Global data center electricity consumption is projected to roughly double to around 945 terawatt-hours by 2030, up from about 415 terawatt-hours in 2024, according to the International Energy Agency. That would lift data centers to just under 3% of total global electricity consumption.
The growth rate outpaces the rest of the economy. From 2024 to 2030, data center electricity consumption is set to grow about 15% per year in the IEA's base case, more than four times faster than electricity demand growth across all other sectors combined. Over the past five years, data center electricity use already grew at 12% per year.
Artificial intelligence is the sharpest driver. The global electricity demand of data centers grew 17% in 2025, in line with IEA projections, while consumption from AI-focused data centers surged 50% in the same year. Electricity use in accelerated servers, the hardware that runs AI workloads, is projected to grow 30% annually, against 9% per year for conventional servers.

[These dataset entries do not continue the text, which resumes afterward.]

lemma prob_loss_gap_deviation:
  assumes V: "V \<in> VV" and \<pi>: "\<pi> \<in> PP" and g: "g \<in> GG" and u: "u > 0" and n: "n > 0"
  defines "\<rho> \<equiv> Vm * sqrt (u / real n)"
  shows "measure_pmf.prob (datasetPmf n \<mu> P)
           {D. \<bar>empirical_gap n D V \<pi> g - ((bellman_error V \<pi>)\<^sup>2 - (dual_error g V \<pi>)\<^sup>2)\<bar>
               > gap_tolerance \<rho> V \<pi> g}
         \<le> 2 * exp (- u)"
proof -
  define \<sigma> where "\<sigma> = 6 * Vm * (bellman_error V \<pi> + dual_error g V \<pi>)"
  let ?h = "\<lambda>z. loss_gap V \<pi> g z - measure_pmf.expectation sample (loss_gap V \<pi> g)"
  let ?c = "2 * \<sigma> * sqrt (u * real (card {..<n})) + 2 * (8 * Vm\<^sup>2) * u"
  have mean: "measure_pmf.expectation sample ?h = 0"
    using finite_set_sample by (simp add: integrable_measure_pmf_finite)
  have \<sigma>: "\<sigma> \<ge> 0"
    using Vm_nonneg norm2mu_nonneg[of \<mu>] by (simp add: \<sigma>_def)
  have "real n * gap_tolerance \<rho> V \<pi> g
      = 12 * Vm * (bellman_error V \<pi> + dual_error g V \<pi>) * (real n * sqrt (u / real n))
        + 16 * Vm\<^sup>2 * (real n * (sqrt (u / real n))\<^sup>2)"
    by (simp add: \<rho>_def power_mult_distrib algebra_simps)
  also have "real n * sqrt (u / real n) = sqrt (u * real n)"
    using n u by (simp add: real_sqrt_divide real_sqrt_mult field_simps)
  also have "real n * (sqrt (u / real n))\<^sup>2 = u"
    using n u by simp
  finally have threshold: "real n * gap_tolerance \<rho> V \<pi> g = ?c"
    by (simp add: \<sigma>_def)
  have "\<bar>\<Sum>i\<in>{..<n}. ?h (D i)\<bar> > ?c"
    if "\<bar>empirical_gap n D V \<pi> g - ((bellman_error V \<pi>)\<^sup>2 - (dual_error g V \<pi>)\<^sup>2)\<bar>
        > gap_tolerance \<rho> V \<pi> g" for D
  proof -
    have "real n * gap_tolerance \<rho> V \<pi> g < \<bar>\<Sum>i<n. ?h (D i)\<bar>"
      using that n by (simp add: empirical_gap_deviation_eq abs_divide pos_less_divide_eq mult.commute)
    then show ?thesis
      unfolding threshold by simp
  qed
  then have "measure_pmf.prob (datasetPmf n \<mu> P)
          {D. \<bar>empirical_gap n D V \<pi> g - ((bellman_error V \<pi>)\<^sup>2 - (dual_error g V \<pi>)\<^sup>2)\<bar>
              > gap_tolerance \<rho> V \<pi> g}
      \<le> measure_pmf.prob (datasetPmf n \<mu> P) {D. \<bar>\<Sum>i\<in>{..<n}. ?h (D i)\<bar> > ?c}"
    by (intro measure_pmf.finite_measure_mono) auto
  also have "\<dots> \<le> 2 * exp (- u)"
    unfolding datasetPmf_def
    by (rule prob_Pi_pmf_abs_sum_gt_bernstein[OF _ finite_set_sample mean
          centered_loss_gap_bounded[OF V \<pi> g] _ \<sigma> u])
      (simp_all add: variance_loss_gap[OF V \<pi> g, folded \<sigma>_def])
  finally show ?thesis .
qed

lemma sbeed_output_bellman_error_le:
  assumes deviation: "\<And>V \<pi> g. V \<in> VV \<Longrightarrow> \<pi> \<in> PP \<Longrightarrow> g \<in> GG \<Longrightarrow>
        \<bar>empirical_gap n D V \<pi> g - ((bellman_error V \<pi>)\<^sup>2 - (dual_error g V \<pi>)\<^sup>2)\<bar>
          \<le> gap_tolerance \<rho> V \<pi> g"
    and \<rho>: "\<rho> \<ge> 0"
    and sbeed_output: "(Vh, \<pi>h) \<in> sbeedOutputs R \<gamma> lam n D VV PP GG"
  shows "bellman_error Vh \<pi>h
           \<le> 21 * \<rho> + sqrt (eps_VP R P \<gamma> lam \<mu> VV PP) + sqrt (eps_GVP R P \<gamma> lam \<mu> GG VV PP)"
proof -
  let ?obj = "sbeedObj R \<gamma> lam n D GG" and ?gap = "empirical_gap n D"
  have Vh: "Vh \<in> VV" "\<pi>h \<in> PP"
    and optimal: "\<And>V \<pi>. V \<in> VV \<Longrightarrow> \<pi> \<in> PP \<Longrightarrow> ?obj Vh \<pi>h \<le> ?obj V \<pi>"
    using sbeed_output by (auto simp: sbeedOutputs_def)
  obtain Vs \<pi>s where Vs: "Vs \<in> VV" "\<pi>s \<in> PP"
    and eps_VP: "eps_VP R P \<gamma> lam \<mu> VV PP = (bellman_error Vs \<pi>s)\<^sup>2"
    using eps_VP_attained[OF finite_VV VV_nonempty finite_PP PP_nonempty] .
  obtain gh where gh: "gh \<in> GG" and eps_GVP: "(dual_error gh Vh \<pi>h)\<^sup>2 \<le> eps_GVP R P \<gamma> lam \<mu> GG VV PP"
    using eps_GVP_ge_best_fit[OF finite_VV finite_PP finite_GG GG_nonempty Vh] .
  have "?obj Vs \<pi>s \<in> ?gap Vs \<pi>s ` GG"
    unfolding sbeedObj_def using finite_GG GG_nonempty by (intro Max_in) auto
  then obtain g' where g': "g' \<in> GG" "?obj Vs \<pi>s = ?gap Vs \<pi>s g'" by auto
  have "?gap Vh \<pi>h gh \<le> ?obj Vh \<pi>h"
    unfolding sbeedObj_def using finite_GG gh by (intro Max_ge) auto
  also have "\<dots> \<le> ?gap Vs \<pi>s g'"
    using optimal[OF Vs] g' by simp
  finally have "?gap Vh \<pi>h gh \<le> ?gap Vs \<pi>s g'" .
  then have "bellman_error Vh \<pi>h \<le> 21 * \<rho> + bellman_error Vs \<pi>s + dual_error gh Vh \<pi>h"
    using deviation[OF Vh gh] deviation[OF Vs g'(1)]
    by (intro le_of_perturbed_square_gap[where e' = "dual_error g' Vs \<pi>s"] norm2mu_nonneg \<rho>)
      (simp add: abs_le_iff)
  moreover have "sqrt (eps_VP R P \<gamma> lam \<mu> VV PP) = bellman_error Vs \<pi>s"
    by (simp add: eps_VP norm2mu_nonneg)
  moreover have "dual_error gh Vh \<pi>h \<le> sqrt (eps_GVP R P \<gamma> lam \<mu> GG VV PP)"
    using real_sqrt_le_mono[OF eps_GVP] by (simp add: norm2mu_nonneg)
  ultimately show ?thesis by linarith
qed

The near-term trajectory is steep. Data centers consumed around 180 terawatt-hours in 2024 by one IEA measure, and demand is expected to rise by roughly 240 terawatt-hours relative to 2024 levels by the end of the decade. The added load alone approaches the total electricity use of some mid-sized countries.
The figures frame a sector whose energy footprint is expanding faster than the infrastructure built to power it, a gap that increasingly shapes utility planning and grid investment worldwide.